Issue 1 — Where do you execute your command?
Fundamentally, a workflow manager executes a set of commands, each of which consumes and produces files. However, the operation of executing a command is completely different whether you’re trying to run it on your laptop, your local HPC, the Google Cloud, AWS, or Azure. Each of those execution options comes with their own idiosyncratic settings for permissions, authentication, formatting, etc. A big part of getting up and running with any workflow manager is getting all of those settings configured in just the right way. It’s not glamorous, but it’s important and it takes time.
Issue 2 — When do you execute your command?
A good workflow manager only executes commands when it’s appropriate — when the inputs are available and the outputs haven’t been produced yet. Doing this properly means that you can restart and rerun workflows without duplicating effort, but that also requires that you can keep track of what commands have been run before. This can also require a bit of effort to configure. As an aside, the traditional training path for bioinformatics folks is to start with BASH scripting, where you run a command when the output files don’t already exist. This is not the method that provides the most reproducible results, and it is also not the method used by Nextflow or Cromwell. I believe that this is the Snakemake model, but I have less experience there. Lots of complexity is hidden inside this issue.
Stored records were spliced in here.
lemma geom_seq_ratio_tendsto:
  assumes \<rho>: "1 < \<rho>"
  shows "(\<lambda>j. real (geom_seq \<rho> (Suc j)) / real (geom_seq \<rho> j)) \<longlonglongrightarrow> \<rho>"
proof -
  have normalized: "(\<lambda>j. real (geom_seq \<rho> j) / \<rho> ^ j) \<longlonglongrightarrow> 1"
  proof (rule tendsto_sandwich)
    have "(\<lambda>j. 1 - (1 / \<rho>) ^ j) \<longlonglongrightarrow> 1 - 0"
      using \<rho> by (intro tendsto_intros LIMSEQ_power_zero) auto
    then show "(\<lambda>j. 1 - (1 / \<rho>) ^ j) \<longlonglongrightarrow> 1" by simp
    show "\<forall>\<^sub>F j in sequentially. 1 - (1 / \<rho>) ^ j \<le> real (geom_seq \<rho> j) / \<rho> ^ j"
    proof (intro always_eventually allI)
      fix j
      have "1 - (1 / \<rho>) ^ j = (\<rho> ^ j - 1) / \<rho> ^ j"
        using \<rho> by (simp add: power_one_over field_simps)
      also have "\<dots> \<le> real (geom_seq \<rho> j) / \<rho> ^ j"
        using geom_seq_bounds(2)[of \<rho> j] \<rho> by (intro divide_right_mono) auto
      finally show "1 - (1 / \<rho>) ^ j \<le> real (geom_seq \<rho> j) / \<rho> ^ j" .
    qed
    show "\<forall>\<^sub>F j in sequentially. real (geom_seq \<rho> j) / \<rho> ^ j \<le> 1"
      using geom_seq_bounds(3)[of \<rho>] \<rho> by simp
  qed simp
  have "(\<lambda>j. \<rho> * (real (geom_seq \<rho> (Suc j)) / \<rho> ^ Suc j) / (real (geom_seq \<rho> j) / \<rho> ^ j))
      \<longlonglongrightarrow> \<rho> * 1 / 1"
    by (intro tendsto_intros normalized LIMSEQ_Suc[OF normalized]) simp
  moreover have "\<rho> * (real (geom_seq \<rho> (Suc j)) / \<rho> ^ Suc j) / (real (geom_seq \<rho> j) / \<rho> ^ j)
      = real (geom_seq \<rho> (Suc j)) / real (geom_seq \<rho> j)" for j
    using \<rho> by (simp add: field_simps)
  ultimately show ?thesis by (simp only: mult_1_right div_by_1)
qed

lemma geom_seq_bracket:
  assumes \<rho>: "1 < \<rho>" and N: "geom_seq \<rho> J \<le> N"
  obtains j where "J \<le> j" "geom_seq \<rho> j \<le> N" "N < geom_seq \<rho> (Suc j)"
proof -
  have mono: "i \<le> j \<Longrightarrow> geom_seq \<rho> i \<le> geom_seq \<rho> j" for i j
    using mono_geom_seq[of \<rho>] \<rho> by (simp add: mono_def)
  have "N < geom_seq \<rho> k \<Longrightarrow> \<exists>j\<ge>J. geom_seq \<rho> j \<le> N \<and> N < geom_seq \<rho> (Suc j)" for k
  proof (induction k)
    case 0
    then show ?case using mono[of 0 J] N by simp
  next
    case (Suc k)
    show ?case
    proof (cases "N < geom_seq \<rho> k")
      case False
      have "J \<le> k"
      proof (rule ccontr)
        assume "\<not> J \<le> k"
        then show False using mono[of "Suc k" J] N Suc.prems by simp
      qed
      with False Suc.prems show ?thesis by (auto simp: not_less)
    qed (rule Suc.IH)
  qed
  then show thesis
    using geom_seq_unbounded[OF \<rho>, of N] that by blast
qed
Issue 3 — Where does your data live?
One of the big attractions of a good workflow manager is being able to run the exact same analysis on my laptop, an HPC, or the cloud. However, you really need to have the data live next to the execution environment — it would be insane to download and upload files from my laptop for every single task that’s executed in the cloud. This means that getting up and running with a cloud based workflow manager is getting all of your data organized and accessible in the same system that you want to run the tasks in. This takes time and means that you really have to commit to a model for execution.
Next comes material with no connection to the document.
(* Assume $\le_m$ and $\le_s$ are compatible. Then the set $\{LM(sp): sp\in\mathcal{SP}^*\text{ is top-irreducible}\}$ is finite; that is, the top-reduced S-Gröbner basis of $\mathcal{SP}$ is finite up to equivalence (sig-polynomials with the same leading pair being identified).
   Context: Let $k$ be a field, $R=k[x_1,\dots,x_n]$, $\mathcal{M}$ the monoid of monomials, $\mathbf{e}_1,\dots,\mathbf{e}_d$ the standard basis of $R^d$, $\mathcal{M}_d=\{m\mathbf{e}_i\}$, $\lambda\cdot(\mu\mathbf{e}_i)=(\lambda\mu)\mathbf{e}_i$, and $m_1\mathbf{e}_i\mid m_2\mathbf{e}_j$ iff $i=j$ and $m_1\mid m_2$. An admissible monomial order $\le_m$: linear order on $\mathcal{M}$ with $1\le_m m$ and $m_1\le_m m_2\Rightarrow tm_1\le_m tm_2$. An admissible module order $\le_s$: linear order on $\mathcal{M}_d$ with $\mathbf{e}_i\le_s m\mathbf{e}_i$ and $m_1\mathbf{e}_i\le_s m_2\mathbf{e}_i\Rightarrow tm_1\mathbf{e}_i\le_s tm_2\mathbf{e}_i$. Compatible: $\sigma\mathbf{e}_j\le_s\tau\mathbf{e}_j\iff\sigma\le_m\tau$ for all $j,\sigma,\tau$. Fix $f_1,\dots,f_d\in R$. $\mathcal{SP}=\{(\mathbf{u},p)\in R^d\times R:\sum_iu_if_i=p\}$, $\mathcal{SP}^*=\mathcal{SP}\setminus\{(\mathbf{0},0)\}$, $\mathbf{NSP}=\{(\mathbf{u},p)\in\mathcal{SP}:p\ne0\}$. For $(\mathbf{u},p)\in\mathcal{SP}^*$: signature $lm(\mathbf{u})$ = $\le_s$-largest element of $\mathcal{M}_d$ in the support of $\mathbf{u}$; $lm(p)$ = $\le_m$-leading monomial ($lm(0)=0$); leading pair $LM(\mathbf{u},p)=(lm(\mathbf{u}),lm(p))$. Relations on leading pairs: $(\mathbf{s}',m')\prec_{m,s}(\mathbf{s},m)$ iff $m',m\ne0$ and $\exists\lambda\in\mathcal{M}$: $\lambda m'=m$, $\lambda\mathbf{s}'<_s\mathbf{s}$. $(\mathbf{s}',m')\prec_{s,m}(\mathbf{s},m)$ iff either ($m',m\ne0$ and $\exists\lambda$: $\lambda\mathbf{s}'=\mathbf{s}$, $\lambda m'<_m m$) or ($m'=0$, $m\ne0$, $\mathbf{s}'\mid\mathbf{s}$). $(\mathbf{s}',m')\mid_{super}(\mathbf{s},m)$ iff either ($m',m\ne0$ and $\exists\lambda$: $\lambda\mathbf{s}'=\mathbf{s}$, $\lambda m'=m$) or ($m'=m=0$ and $\mathbf{s}'\mid\mathbf{s}$). A sig-polynomial $sp\in\mathcal{SP}^*$ is top-irreducible if there is no $sp'\in\mathcal{SP}^*$ with $LM(sp')\prec_{m,s}LM(sp)$ or $LM(sp')\prec_{s,m}LM(sp)$, and no $sp'\in\mathcal{SP}^*$ with $LM(sp')\mid_{super}LM(sp)$ and $LM(sp')\ne LM(sp)$. The top-reduced S-Gröbner basis is the set of top-irreducible sig-polynomials. *)

theory Defs
  imports Main "HOL-Library.Poly_Mapping"
begin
While this post is pretty meandering and vague, all I mean to add here is that the area of workflow managers is expanding rapidly and lots of good people are doing great development. That said, the endeavor is fundamentally challenging and it will require a good amount of time to configure everything and get up and running. I encourage you to try out the options that exist and share your experiences with the world. This is the way of the future, and it would be great if we built a better future together.